Developing Linear Programming Model (6) Graphical Solution to LP Problem We must maximized z = 6 x1 + 5 x2

The Simplex Method (1) Simplex method is the classic method for solving LP problems, one of the most important algorithms ever invented Invented by George Dantzig in 1947 (Stanford University) When decision variables are more than 2, it is always advisable to use Simplex Method to avoid lengthy graphical procedure. The simplex method is not used to examine all the feasible solutions. It deals only with a small and unique set of feasible solutions, the set of vertex points (i.e., extreme points) of the convex feasible space that contains the optimal solution.

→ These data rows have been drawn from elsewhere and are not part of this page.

lemma flow_rhs_isometry_perm:
  assumes f: "linear f" "\<And>v. norm (f v) = norm v" and \<sigma>: "bij_betw \<sigma> {1..n} {1..n}"
    and p: "\<forall>i\<in>{1..n}. \<forall>j\<in>{1..n}. p (\<sigma> i) (\<sigma> j) = p i j" and i: "i \<in> {1..n}"
  shows "flow_rhs p \<beta> n (\<lambda>k. f (y (\<sigma> k))) i = f (flow_rhs p \<beta> n y (\<sigma> i))"
proof -
  let ?c = "flow_coeff p \<beta> n y (\<sigma> i)"
  have "flow_coeff p \<beta> n (\<lambda>k. f (y (\<sigma> k))) i j = ?c (\<sigma> j)" if "j \<in> {1..n}" for j
    unfolding flow_coeff_def qq_eq_divide_partition_sum partition_sum_isometry_perm[OF f \<sigma>]
      norm_isometry_diff[OF f] using p i that by simp
  hence "flow_rhs p \<beta> n (\<lambda>k. f (y (\<sigma> k))) i = 4 *\<^sub>R (\<Sum>j\<in>{1..n}-{i}. ?c (\<sigma> j) *\<^sub>R f (y (\<sigma> i) - y (\<sigma> j)))"
    unfolding flow_rhs_eq_flow_coeff by (simp add: linear_diff[OF f(1)])
  also have "\<dots> = 4 *\<^sub>R (\<Sum>j\<in>{1..n}-{\<sigma> i}. ?c j *\<^sub>R f (y (\<sigma> i) - y j))"
    using sum_Diff_reindex_bij[OF \<sigma> i, of "\<lambda>j. ?c j *\<^sub>R f (y (\<sigma> i) - y j)"] by simp
  also have "\<dots> = f (flow_rhs p \<beta> n y (\<sigma> i))"
    unfolding flow_rhs_eq_flow_coeff by (simp add: linear_sum[OF f(1)] linear_scale[OF f(1)])
  finally show ?thesis .
qed

lemma flow_solution_isometry_perm:
  assumes f: "linear f" "\<And>v. norm (f v) = norm v" and \<sigma>: "bij_betw \<sigma> {1..n} {1..n}"
    and p: "\<forall>i\<in>{1..n}. \<forall>j\<in>{1..n}. p (\<sigma> i) (\<sigma> j) = p i j"
    and init: "\<forall>i\<in>{1..n}. f (Y0 (\<sigma> i)) = Y0 i"
    and Y: "is_flow_solution p \<beta> n Y0 Y"
  shows "is_flow_solution p \<beta> n Y0 (\<lambda>t k. f (Y t (\<sigma> k)))"
  unfolding is_flow_solution_def
proof (intro conjI allI impI ballI)
  fix i assume i: "i \<in> {1..n}"
  hence \<sigma>i: "\<sigma> i \<in> {1..n}" using \<sigma> bij_betwE by blast
  show "f (Y 0 (\<sigma> i)) = Y0 i" using Y init \<sigma>i i unfolding is_flow_solution_def by auto
  fix t :: real assume t: "t \<ge> 0"
  have "((\<lambda>s. Y s (\<sigma> i)) has_vector_derivative flow_rhs p \<beta> n (Y t) (\<sigma> i)) (at t within {0..})"
    using Y t \<sigma>i unfolding is_flow_solution_def by auto
  hence "((\<lambda>s. f (Y s (\<sigma> i))) has_vector_derivative f (flow_rhs p \<beta> n (Y t) (\<sigma> i))) (at t within {0..})"
    by (rule bounded_linear.has_vector_derivative[OF linear_conv_bounded_linear[THEN iffD1, OF f(1)]])
  thus "((\<lambda>s. f (Y s (\<sigma> i))) has_vector_derivative flow_rhs p \<beta> n (\<lambda>k. f (Y t (\<sigma> k))) i) (at t within {0..})"
    using flow_rhs_isometry_perm[OF f \<sigma> p i] by simp
qed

The Simplex Method (2) Standard form of LP problem Must be a maximization problem All constraints (except the non-negativity constraints) must be in the form of linear equations All the variables must be required to be nonnegative Thus, the general linear programming problem in standard form with m constraints and n unknowns (n ≥ m) is maximize c1 x1 + ...+ cn xn subject to ai1x1+ ...+ ain xn = bi , , i = 1,...,m, x1 ≥ 0, ... , xn ≥ 0 Every LP problem can be represented in such form

The Simplex Method (3) z - 6 x1 - 5 x2 = 0 x1 + x2 + x3 = 5 Convert all the inequality constraints into equalities by the use of slack variables (Standard form). z - 6 x1 - 5 x2 = 0 x1 + x2 + x3 = 5 3 x1 + 2 x2 + x4 = 12 x1 , x2 , x3 , x4 ≥ 0

The Simplex Method (4) Steps involved: Locate an extreme point of the feasible region. Examine each boundary edge intersecting at this point to see whether movement along any edge increases the value of the objective function. If the value of the objective function increases along any edge, move along this edge to the adjacent extreme point. If several edges indicate improvement, the edge providing the greatest rate of increase is selected. Repeat steps 2 and 3 until movement along any edge no longer increases the value of the objective function.

The Simplex Method (5) Iteration 1 x3 and x4 are basic variables: x3 = 5 - x1 - x2 x4 = 12 - 3 x1 - 2 x2 z = 6 x1 + 5 x2 x1 can increase the objective function (z) with higher rate Basic variables are not seen in the z equation. +z

The Simplex Method (6) Iteration 2 So now, x1 and x3 are basic variables: 3 x1 = 12 – 2 x2 – x4 x1 = 4 – 2/3 x2 – 1/3 x4 x3 = 1 – 1/3 x2 + 1/3 x4 z = 24 + x2 - 2 x4 x2 can increase the objective function (z) with higher rate

The Simplex Method (7) Iteration 3 So now, x1 and x2 are basic variables: x2 = 3 – 3 x3 + x4 x1 = 2 + 2 x3 - x4 z = 27 – 3 x3 - x4 All of the coefficients are lower than zero, so we are on optimal point. Solution: X1 = 2 X2 = 3 Z = 27

Sensitivity Analysis Sensitivity analysis helps to test the sensitivity of the optimum solution with respect to changes of the coefficients in the objective function, coefficients in the constraints inequalities, or the constant terms in the constraints. For Example in the case study discussed: The actual selling prices (or market values) of the two products may vary from time to time. Over what ranges can these prices change without affecting the optimality of the present solution? Will the present solution remain the optimum solution if the amount of resources is suddenly changed because of shortages, machine failures, or other events? The amount of each type of resources needed to produce one unit of each type of product can be either increased or decreased slightly. Will such changes affect the optimal solution ?

Complications in Simplex Method (1) An objective function to be minimized instead of maximized. Greater-than-or-equal-to constraints. Equalities instead of inequalities for constraints. Decision variables unrestricted in signs. Zero constants on the right-hand side of one or more constraints. Some or all decision variables must be integers. Non-positive constants on the right-hand side of the constraints. More than one optimal solution, that is, multiple solutions such that there is no unique optimal solution.

Complications in Simplex Method (2) The constraints are such that no feasible solution exists. The constraints are such that one or more of the variables can increase without limit and never violate a constraint (i.e., the solution is unbounded). Some or all of the coefficients and right-hand-side terms are given by a probability distribution rather than a single value.